(* Let $\mathcal X=\mathbb R^d$, $\sigma>0$, $\varepsilon>0$. Suppose $F:\mathcal P_2(\mathbb R^d)\to\mathbb R$ satisfies $F\ge F_{\min}$, $\xi$ is as below, and $\pi=e^{-U}$ is a probability density with $U(x)\ge C_0+C_1|x|^2$ for all $x$, for some $C_0\in\mathbb R$, $C_1>0$. Then for all $m\in\mathcal P_2(\mathbb R^d)$ and all $\delta>0$, $$\frac1\sigma V^\sigma_\varepsilon(m)\ \ge\ \frac1\sigma F_{\min}+C_0+C_1M_2(m)-\Big(\frac{2\pi}{\delta}\Big)^{d/2}-2\delta\big(M_2(m)+\varepsilon^2M_2(\xi)\big),$$ where $V^\sigma_\varepsilon(m)=F(m)+\sigma\int\log\frac{(K_\varepsilon*m)(x)}{\pi(x)}\,m(dx)$.
   Context: $\xi:\mathbb R^d\to\mathbb R_+$ is a smooth, Lipschitz, radial probability density with full support and finite second moment; $\xi_\varepsilon(z)=\varepsilon^{-d}\xi(z/\varepsilon)$; $K_\varepsilon=\xi_\varepsilon*\xi_\varepsilon$; $(K_\varepsilon*m)(x)=\int K_\varepsilon(x-y)m(dy)$. $M_2(m)=\int|x|^2m(dx)$ and $M_2(\xi)=\int|z|^2\xi(z)dz$; here $\pi$ in $(2\pi/\delta)^{d/2}$ denotes the number $3.14159\ldots$. *)

theory Defs
  imports "HOL-Probability.Probability"
begin

coinductive smooth_fun :: "('a::euclidean_space \<Rightarrow> real) \<Rightarrow> bool" where
  "(\<forall>x. f differentiable (at x)) \<Longrightarrow>
   (\<forall>b\<in>Basis. smooth_fun (\<lambda>x. frechet_derivative f (at x) b)) \<Longrightarrow> smooth_fun f"

definition P2 :: "'a::euclidean_space measure \<Rightarrow> bool" where
  "P2 m \<longleftrightarrow> prob_space m \<and> sets m = sets borel \<and> integrable m (\<lambda>x. (norm x)\<^sup>2)"

definition M2 :: "'a::euclidean_space measure \<Rightarrow> real" where
  "M2 m = (\<integral>x. (norm x)\<^sup>2 \<partial>m)"

definition M2_dens :: "('a::euclidean_space \<Rightarrow> real) \<Rightarrow> real" where
  "M2_dens \<xi> = (\<integral>z. (norm z)\<^sup>2 * \<xi> z \<partial>lborel)"

definition ext_integral :: "'a measure \<Rightarrow> ('a \<Rightarrow> real) \<Rightarrow> ereal" where
  "ext_integral M f = enn2ereal (\<integral>\<^sup>+x. ennreal (max 0 (f x)) \<partial>M)
                      - enn2ereal (\<integral>\<^sup>+x. ennreal (max 0 (- f x)) \<partial>M)"

definition mollifier :: "real \<Rightarrow> ('a::euclidean_space \<Rightarrow> real) \<Rightarrow> 'a \<Rightarrow> real" where
  "mollifier \<epsilon> \<xi> z = \<epsilon> powr (- real DIM('a)) * \<xi> (z /\<^sub>R \<epsilon>)"

definition kernelK :: "real \<Rightarrow> ('a::euclidean_space \<Rightarrow> real) \<Rightarrow> 'a \<Rightarrow> real" where
  "kernelK \<epsilon> \<xi> x = (\<integral>y. mollifier \<epsilon> \<xi> (x - y) * mollifier \<epsilon> \<xi> y \<partial>lborel)"

definition convK :: "real \<Rightarrow> ('a::euclidean_space \<Rightarrow> real) \<Rightarrow> 'a measure \<Rightarrow> 'a \<Rightarrow> real" where
  "convK \<epsilon> \<xi> m x = (\<integral>y. kernelK \<epsilon> \<xi> (x - y) \<partial>m)"

definition Vfun :: "('a::euclidean_space measure \<Rightarrow> real) \<Rightarrow> real \<Rightarrow> real \<Rightarrow> ('a \<Rightarrow> real)
    \<Rightarrow> ('a \<Rightarrow> real) \<Rightarrow> 'a measure \<Rightarrow> ereal" where
  "Vfun F \<sigma> \<epsilon> \<xi> p m = ereal (F m) + ereal \<sigma> * ext_integral m (\<lambda>x. ln (convK \<epsilon> \<xi> m x / p x))"

end

theory Submission
  imports Defs
begin

text \<open>
  Let \<open>\<phi> = \<xi>\<^sub>\<epsilon>\<close> and \<open>\<nu> = \<phi> * m\<close>, so that \<open>K\<^sub>\<epsilon> * m = \<phi> * \<nu>\<close>, and let \<open>g\<close> be the Gaussian
  density \<open>(\<delta>/pi)^(d/2) exp (-\<delta> |y|^2)\<close>. For \<open>r = (K\<^sub>\<epsilon> * m)(x) > 0\<close>, applying
  \<open>ln t \<le> t - 1\<close> to \<open>\<nu>(y)/r\<close> and to \<open>g(y)/\<nu>(y)\<close> gives
  \<open>2 + ln g(y) - ln r \<le> \<nu>(y)/r + g(y)/\<nu>(y)\<close>; averaging against \<open>\<phi>(x - y) dy\<close> yields
  \<open>- ln r \<le> \<delta> \<integral>\<phi>(x - y) |y|^2 dy + (d/2) ln (pi/\<delta>) - 1 + G(x)\<close>, where
  \<open>G(x) = \<integral>\<phi>(x - y) g(y)/\<nu>(y) dy\<close> has \<open>\<integral>G dm \<le> \<integral>g = 1\<close> because \<open>\<phi>\<close> is even.
  Integrating against \<open>m\<close>, with \<open>\<integral>\<phi>(x - y) |y|^2 dy \<le> 2|x|^2 + 2\<epsilon>^2 M\<^sub>2(\<xi>)\<close>,
  \<open>U(x) \<ge> C\<^sub>0 + C\<^sub>1|x|^2\<close> and \<open>(d/2) ln (pi/\<delta>) \<le> (2pi/\<delta>)^(d/2)\<close>, gives the bound.
  All of this is done with \<open>ennreal\<close>-valued integrals, so points where \<open>K\<^sub>\<epsilon> * m\<close> vanishes
  are harmless: there \<open>G = \<infinity>\<close>.
\<close>

lemma nn_integral_lborel_affine:
  fixes f :: "'a::euclidean_space \<Rightarrow> ennreal"
  assumes [measurable]: "f \<in> borel_measurable borel" and "c \<noteq> 0"
  shows "(\<integral>\<^sup>+x. f x \<partial>lborel) = ennreal (\<bar>c\<bar> ^ DIM('a)) * (\<integral>\<^sup>+x. f (t + c *\<^sub>R x) \<partial>lborel)"
  by (subst lborel_affine[OF \<open>c \<noteq> 0\<close>, of t])
     (simp add: nn_integral_density nn_integral_distr nn_integral_cmult)

lemma nn_integral_lborel_reflect:
  fixes f :: "'a::euclidean_space \<Rightarrow> ennreal"
  assumes "f \<in> borel_measurable borel"
  shows "(\<integral>\<^sup>+y. f (x - y) \<partial>lborel) = (\<integral>\<^sup>+y. f y \<partial>lborel)"
  using nn_integral_lborel_affine[OF assms, of "-1" x] by simp

lemma nn_integral_lborel_translate:
  fixes f :: "'a::euclidean_space \<Rightarrow> ennreal"
  assumes "f \<in> borel_measurable borel"
  shows "(\<integral>\<^sup>+y. f (t + y) \<partial>lborel) = (\<integral>\<^sup>+y. f y \<partial>lborel)"
  using nn_integral_lborel_affine[OF assms, of 1 t] by simp

lemma ennreal_mult_divide_le: "(a::ennreal) * (b / a) \<le> b"
proof (cases "a = 0 \<or> a = \<infinity>")
  case False
  then show ?thesis
    by (simp add: ennreal_times_divide mult.commute[of a b] mult_divide_eq_ennreal)
qed auto
(* Let $T\ge 2$, $U$ a finite set of men and $W_1\subseteq\cdots\subseteq W_T$ finite sets of women, each man having a strict total order over $W_T$ and each woman a strict total order over $U$. Then there is an optimal solution $(M_1,\dots,M_T)$ of $T$-A-SMP on this instance in which $M_1$ is the men-optimal stable matching of $(U,W_1)$.
   Context: $T$-A-SMP: compute matchings $M_1,\dots,M_T$ with $M_t$ stable for $(U,W_t)$ (preferences restricted) minimizing $\sum_{t=1}^{T-1}|M_t\setminus M_{t+1}|$. A matching is a set of man–woman pairs with each person in at most one pair; a blocking pair of $M$ is a pair $(u,w)\notin M$ with ($u$ unmatched or preferring $w$ to his partner) and ($w$ unmatched or preferring $u$ to her partner); stable means no blocking pair. The men-optimal stable matching gives every man his most preferred partner among those he has in some stable matching. *)

theory Defs
  imports Main
begin

text \<open>Preferences: (a, b) \<in> Pm u means man u strictly prefers woman a to woman b;
  (x, y) \<in> Pw w means woman w strictly prefers man x to man y.\<close>

definition is_matching :: "'m set \<Rightarrow> 'w set \<Rightarrow> ('m \<times> 'w) set \<Rightarrow> bool" where
  "is_matching U W M \<longleftrightarrow> M \<subseteq> U \<times> W \<and>
     (\<forall>u w w'. (u, w) \<in> M \<longrightarrow> (u, w') \<in> M \<longrightarrow> w = w') \<and>
     (\<forall>u u' w. (u, w) \<in> M \<longrightarrow> (u', w) \<in> M \<longrightarrow> u = u')"

definition blocking_pair ::
  "('m \<Rightarrow> ('w \<times> 'w) set) \<Rightarrow> ('w \<Rightarrow> ('m \<times> 'm) set) \<Rightarrow> ('m \<times> 'w) set \<Rightarrow> 'm \<Rightarrow> 'w \<Rightarrow> bool" where
  "blocking_pair Pm Pw M u w \<longleftrightarrow> (u, w) \<notin> M \<and>
     ((\<forall>w'. (u, w') \<notin> M) \<or> (\<exists>w'. (u, w') \<in> M \<and> (w, w') \<in> Pm u)) \<and>
     ((\<forall>u'. (u', w) \<notin> M) \<or> (\<exists>u'. (u', w) \<in> M \<and> (u, u') \<in> Pw w))"

definition stable :: "'m set \<Rightarrow> 'w set \<Rightarrow> ('m \<Rightarrow> ('w \<times> 'w) set) \<Rightarrow> ('w \<Rightarrow> ('m \<times> 'm) set)
    \<Rightarrow> ('m \<times> 'w) set \<Rightarrow> bool" where
  "stable U W Pm Pw M \<longleftrightarrow> is_matching U W M \<and>
     (\<forall>u\<in>U. \<forall>w\<in>W. \<not> blocking_pair Pm Pw M u w)"

definition men_optimal :: "'m set \<Rightarrow> 'w set \<Rightarrow> ('m \<Rightarrow> ('w \<times> 'w) set) \<Rightarrow> ('w \<Rightarrow> ('m \<times> 'm) set)
    \<Rightarrow> ('m \<times> 'w) set \<Rightarrow> bool" where
  "men_optimal U W Pm Pw M \<longleftrightarrow> stable U W Pm Pw M \<and>
     (\<forall>M'. stable U W Pm Pw M' \<longrightarrow>
        (\<forall>u w'. (u, w') \<in> M' \<longrightarrow> (\<exists>w. (u, w) \<in> M \<and> (w = w' \<or> (w, w') \<in> Pm u))))"

definition tasmp_feasible :: "nat \<Rightarrow> 'm set \<Rightarrow> (nat \<Rightarrow> 'w set) \<Rightarrow> ('m \<Rightarrow> ('w \<times> 'w) set)
    \<Rightarrow> ('w \<Rightarrow> ('m \<times> 'm) set) \<Rightarrow> (nat \<Rightarrow> ('m \<times> 'w) set) \<Rightarrow> bool" where
  "tasmp_feasible T U W Pm Pw M \<longleftrightarrow> (\<forall>t\<in>{1..T}. stable U (W t) Pm Pw (M t))"

definition tasmp_cost :: "nat \<Rightarrow> (nat \<Rightarrow> ('m \<times> 'w) set) \<Rightarrow> nat" where
  "tasmp_cost T M = (\<Sum>t = 1..<T. card (M t - M (Suc t)))"

definition tasmp_optimal :: "nat \<Rightarrow> 'm set \<Rightarrow> (nat \<Rightarrow> 'w set) \<Rightarrow> ('m \<Rightarrow> ('w \<times> 'w) set)
    \<Rightarrow> ('w \<Rightarrow> ('m \<times> 'm) set) \<Rightarrow> (nat \<Rightarrow> ('m \<times> 'w) set) \<Rightarrow> bool" where
  "tasmp_optimal T U W Pm Pw M \<longleftrightarrow> tasmp_feasible T U W Pm Pw M \<and>
     (\<forall>M'. tasmp_feasible T U W Pm Pw M' \<longrightarrow> tasmp_cost T M \<le> tasmp_cost T M')"

end

theory Submission
  imports Defs
begin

## Directions for this task
Which lines of the material contain the string "subseteq"? List each of them.

## Exercise output
(* Let $T\ge 2$, $U$ a finite set of men and $W_1\subseteq\cdots\subseteq W_T$ finite sets of women, each man having a strict total order over $W_T$ and each woman a strict total order over $U$. Then there is an optimal solution $(M_1,\dots,M_T)$ of $T$-A-SMP on this instance in which $M_1$ is the men-optimal stable matching of $(U,W_1)$.
  "is_matching U W M \<longleftrightarrow> M \<subseteq> U \<times> W \<and>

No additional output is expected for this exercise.